TASK ITEM: Reproduce all of the data exactly as written.

SUPPLIED MATERIAL:

lemma gauss_damped_inverse_fourier:
  assumes f: "integrable lborel f" and \<sigma>: "\<sigma> > 0"
  shows "(\<integral>t. exp (- ((\<sigma>*t)^2) / 2) *\<^sub>R (fourier_fun f t * cis (- t * x)) \<partial>lborel) =
           sqrt (2*pi) *\<^sub>R gauss_smoothing \<sigma> f x"
proof -
  have [measurable]: "f \<in> borel_measurable borel"
    using borel_measurable_integrable[OF f] by simp
  define w where "w t = exp (- ((\<sigma>*t)^2) / 2)" for t
  define \<Phi> where "\<Phi> t y = w t *\<^sub>R (f y * cis (t * (y - x)))" for t y
  have \<Phi>_int: "integrable (lborel \<Otimes>\<^sub>M lborel) (\<lambda>(t, y). \<Phi> t y)"
  proof (rule lborel_pair.Fubini_integrable)
    show "(\<lambda>(t, y). \<Phi> t y) \<in> borel_measurable (lborel \<Otimes>\<^sub>M lborel)"
      unfolding \<Phi>_def w_def by measurable
    have "integrable lborel (\<lambda>t. w t * (\<integral>y. norm (f y) \<partial>lborel))"
      using integrable_gaussian_scaled[of \<sigma>] \<sigma> by (simp add: w_def)
    then show "integrable lborel (\<lambda>t. \<integral>y. norm (case (t, y) of (t, y) \<Rightarrow> \<Phi> t y) \<partial>lborel)"
      by (simp add: \<Phi>_def w_def norm_mult)
    show "AE t in lborel. integrable lborel (\<lambda>y. case (t, y) of (t, y) \<Rightarrow> \<Phi> t y)"
    proof (rule AE_I2)
      fix t
      have "integrable lborel (\<lambda>y. f y * cis (t * (y - x)))"
        by (rule integrable_mult_cis[OF f]) measurable
      then show "integrable lborel (\<lambda>y. case (t, y) of (t, y) \<Rightarrow> \<Phi> t y)"
        by (simp add: \<Phi>_def)
    qed
  qed
  have inner_y: "(\<integral>y. \<Phi> t y \<partial>lborel) = w t *\<^sub>R (fourier_fun f t * cis (- t * x))" for t
  proof -
    have "cis (t * (y - x)) = cis (t*y) * cis (- t*x)" for y
      by (simp add: cis_mult algebra_simps)
    then have "\<Phi> t y = w t *\<^sub>R ((f y * cis (t*y)) * cis (- t*x))" for y
      by (simp add: \<Phi>_def mult.assoc)
    then show ?thesis
      by (simp only: integral_scaleR_right integral_mult_left_zero fourier_fun_def)
  qed
  have inner_t: "(\<integral>t. \<Phi> t y \<partial>lborel) =
      f y * complex_of_real (sqrt (2*pi) / \<sigma> * exp (- (((y - x)/\<sigma>)^2) / 2))" for y
  proof -
    have "(\<integral>t. \<Phi> t y \<partial>lborel) = f y * (\<integral>t. w t *\<^sub>R cis (t * (y - x)) \<partial>lborel)"
      unfolding \<Phi>_def by (simp only: mult_scaleR_right[symmetric] integral_mult_right_zero)
    then show ?thesis unfolding w_def by (simp only: fourier_gaussian_scaled[OF \<sigma>])
  qed
  have "(\<integral>y. f y * complex_of_real (sqrt (2*pi) / \<sigma> * exp (- (((y - x)/\<sigma>)^2) / 2)) \<partial>lborel) =
      \<bar>\<sigma>\<bar> *\<^sub>R (\<integral>z. f (x + \<sigma>*z) * complex_of_real (sqrt (2*pi) / \<sigma> * exp (- (((x + \<sigma>*z - x)/\<sigma>)^2) / 2)) \<partial>lborel)"
    using \<sigma> by (intro lborel_integral_real_affine) simp
  also have "(\<integral>z. f (x + \<sigma>*z) * complex_of_real (sqrt (2*pi) / \<sigma> * exp (- (((x + \<sigma>*z - x)/\<sigma>)^2) / 2)) \<partial>lborel) =
      (\<integral>z. (sqrt (2*pi) / \<sigma>) *\<^sub>R (exp (- (z^2) / 2) *\<^sub>R f (x + \<sigma>*z)) \<partial>lborel)"
  proof (rule Bochner_Integration.integral_cong[OF refl])
    fix z
    have "(x + \<sigma>*z - x)/\<sigma> = z" using \<sigma> by simp
    then show "f (x + \<sigma>*z) * complex_of_real (sqrt (2*pi) / \<sigma> * exp (- (((x + \<sigma>*z - x)/\<sigma>)^2) / 2)) =
        (sqrt (2*pi) / \<sigma>) *\<^sub>R (exp (- (z^2) / 2) *\<^sub>R f (x + \<sigma>*z))"
      by (simp add: scaleR_conv_of_real mult.commute mult.left_commute)
  qed
  also have "\<dots> = (sqrt (2*pi) / \<sigma>) *\<^sub>R gauss_smoothing \<sigma> f x"
    unfolding gauss_smoothing_def by (rule integral_scaleR_right)
  finally have "(\<integral>y. f y * complex_of_real (sqrt (2*pi) / \<sigma> * exp (- (((y - x)/\<sigma>)^2) / 2)) \<partial>lborel) =
      sqrt (2*pi) *\<^sub>R gauss_smoothing \<sigma> f x"
    using \<sigma> by simp
  then have outer: "(\<integral>y. \<integral>t. \<Phi> t y \<partial>lborel \<partial>lborel) = sqrt (2*pi) *\<^sub>R gauss_smoothing \<sigma> f x"
    by (simp only: inner_t)
  have "(\<integral>t. w t *\<^sub>R (fourier_fun f t * cis (- t * x)) \<partial>lborel) = (\<integral>t. \<integral>y. \<Phi> t y \<partial>lborel \<partial>lborel)"
    by (simp only: inner_y)
  also have "\<dots> = (\<integral>y. \<integral>t. \<Phi> t y \<partial>lborel \<partial>lborel)"
    using lborel_pair.Fubini_integral[OF \<Phi>_int] by simp
  finally show ?thesis unfolding w_def outer .
qed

RESPONSE TO THE TASK:
lemma gauss_damped_inverse_fourier:
  assumes f: "integrable lborel f" and \<sigma>: "\<sigma> > 0"
  shows "(\<integral>t. exp (- ((\<sigma>*t)^2) / 2) *\<^sub>R (fourier_fun f t * cis (- t * x)) \<partial>lborel) =
           sqrt (2*pi) *\<^sub>R gauss_smoothing \<sigma> f x"
proof -
  have [measurable]: "f \<in> borel_measurable borel"
    using borel_measurable_integrable[OF f] by simp
  define w where "w t = exp (- ((\<sigma>*t)^2) / 2)" for t
  define \<Phi> where "\<Phi> t y = w t *\<^sub>R (f y * cis (t * (y - x)))" for t y
  have \<Phi>_int: "integrable (lborel \<Otimes>\<^sub>M lborel) (\<lambda>(t, y). \<Phi> t y)"
  proof (rule lborel_pair.Fubini_integrable)
    show "(\<lambda>(t, y). \<Phi> t y) \<in> borel_measurable (lborel \<Otimes>\<^sub>M lborel)"
      unfolding \<Phi>_def w_def by measurable
    have "integrable lborel (\<lambda>t. w t * (\<integral>y. norm (f y) \<partial>lborel))"
      using integrable_gaussian_scaled[of \<sigma>] \<sigma> by (simp add: w_def)
    then show "integrable lborel (\<lambda>t. \<integral>y. norm (case (t, y) of (t, y) \<Rightarrow> \<Phi> t y) \<partial>lborel)"
      by (simp add: \<Phi>_def w_def norm_mult)
    show "AE t in lborel. integrable lborel (\<lambda>y. case (t, y) of (t, y) \<Rightarrow> \<Phi> t y)"
    proof (rule AE_I2)
      fix t
      have "integrable lborel (\<lambda>y. f y * cis (t * (y - x)))"
        by (rule integrable_mult_cis[OF f]) measurable
      then show "integrable lborel (\<lambda>y. case (t, y) of (t, y) \<Rightarrow> \<Phi> t y)"
        by (simp add: \<Phi>_def)
    qed
  qed
  have inner_y: "(\<integral>y. \<Phi> t y \<partial>lborel) = w t *\<^sub>R (fourier_fun f t * cis (- t * x))" for t
  proof -
    have "cis (t * (y - x)) = cis (t*y) * cis (- t*x)" for y
      by (simp add: cis_mult algebra_simps)
    then have "\<Phi> t y = w t *\<^sub>R ((f y * cis (t*y)) * cis (- t*x))" for y
      by (simp add: \<Phi>_def mult.assoc)
    then show ?thesis
      by (simp only: integral_scaleR_right integral_mult_left_zero fourier_fun_def)
  qed
  have inner_t: "(\<integral>t. \<Phi> t y \<partial>lborel) =
      f y * complex_of_real (sqrt (2*pi) / \<sigma> * exp (- (((y - x)/\<sigma>)^2) / 2))" for y
  proof -
    have "(\<integral>t. \<Phi> t y \<partial>lborel) = f y * (\<integral>t. w t *\<^sub>R cis (t * (y - x)) \<partial>lborel)"
      unfolding \<Phi>_def by (simp only: mult_scaleR_right[symmetric] integral_mult_right_zero)
    then show ?thesis unfolding w_def by (simp only: fourier_gaussian_scaled[OF \<sigma>])
  qed
  have "(\<integral>y. f y * complex_of_real (sqrt (2*pi) / \<sigma> * exp (- (((y - x)/\<sigma>)^2) / 2)) \<partial>lborel) =
      \<bar>\<sigma>\<bar> *\<^sub>R (\<integral>z. f (x + \<sigma>*z) * complex_of_real (sqrt (2*pi) / \<sigma> * exp (- (((x + \<sigma>*z - x)/\<sigma>)^2) / 2)) \<partial>lborel)"
    using \<sigma> by (intro lborel_integral_real_affine) simp
  also have "(\<integral>z. f (x + \<sigma>*z) * complex_of_real (sqrt (2*pi) / \<sigma> * exp (- (((x + \<sigma>*z - x)/\<sigma>)^2) / 2)) \<partial>lborel) =
      (\<integral>z. (sqrt (2*pi) / \<sigma>) *\<^sub>R (exp (- (z^2) / 2) *\<^sub>R f (x + \<sigma>*z)) \<partial>lborel)"
  proof (rule Bochner_Integration.integral_cong[OF refl])
    fix z
    have "(x + \<sigma>*z - x)/\<sigma> = z" using \<sigma> by simp
    then show "f (x + \<sigma>*z) * complex_of_real (sqrt (2*pi) / \<sigma> * exp (- (((x + \<sigma>*z - x)/\<sigma>)^2) / 2)) =
        (sqrt (2*pi) / \<sigma>) *\<^sub>R (exp (- (z^2) / 2) *\<^sub>R f (x + \<sigma>*z))"
      by (simp add: scaleR_conv_of_real mult.commute mult.left_commute)
  qed
  also have "\<dots> = (sqrt (2*pi) / \<sigma>) *\<^sub>R gauss_smoothing \<sigma> f x"
    unfolding gauss_smoothing_def by (rule integral_scaleR_right)
  finally have "(\<integral>y. f y * complex_of_real (sqrt (2*pi) / \<sigma> * exp (- (((y - x)/\<sigma>)^2) / 2)) \<partial>lborel) =
      sqrt (2*pi) *\<^sub>R gauss_smoothing \<sigma> f x"
    using \<sigma> by simp
  then have outer: "(\<integral>y. \<integral>t. \<Phi> t y \<partial>lborel \<partial>lborel) = sqrt (2*pi) *\<^sub>R gauss_smoothing \<sigma> f x"
    by (simp only: inner_t)
  have "(\<integral>t. w t *\<^sub>R (fourier_fun f t * cis (- t * x)) \<partial>lborel) = (\<integral>t. \<integral>y. \<Phi> t y \<partial>lborel \<partial>lborel)"
    by (simp only: inner_y)
  also have "\<dots> = (\<integral>y. \<integral>t. \<Phi> t y \<partial>lborel \<partial>lborel)"
    using lborel_pair.Fubini_integral[OF \<Phi>_int] by simp
  finally show ?thesis unfolding w_def outer .
qed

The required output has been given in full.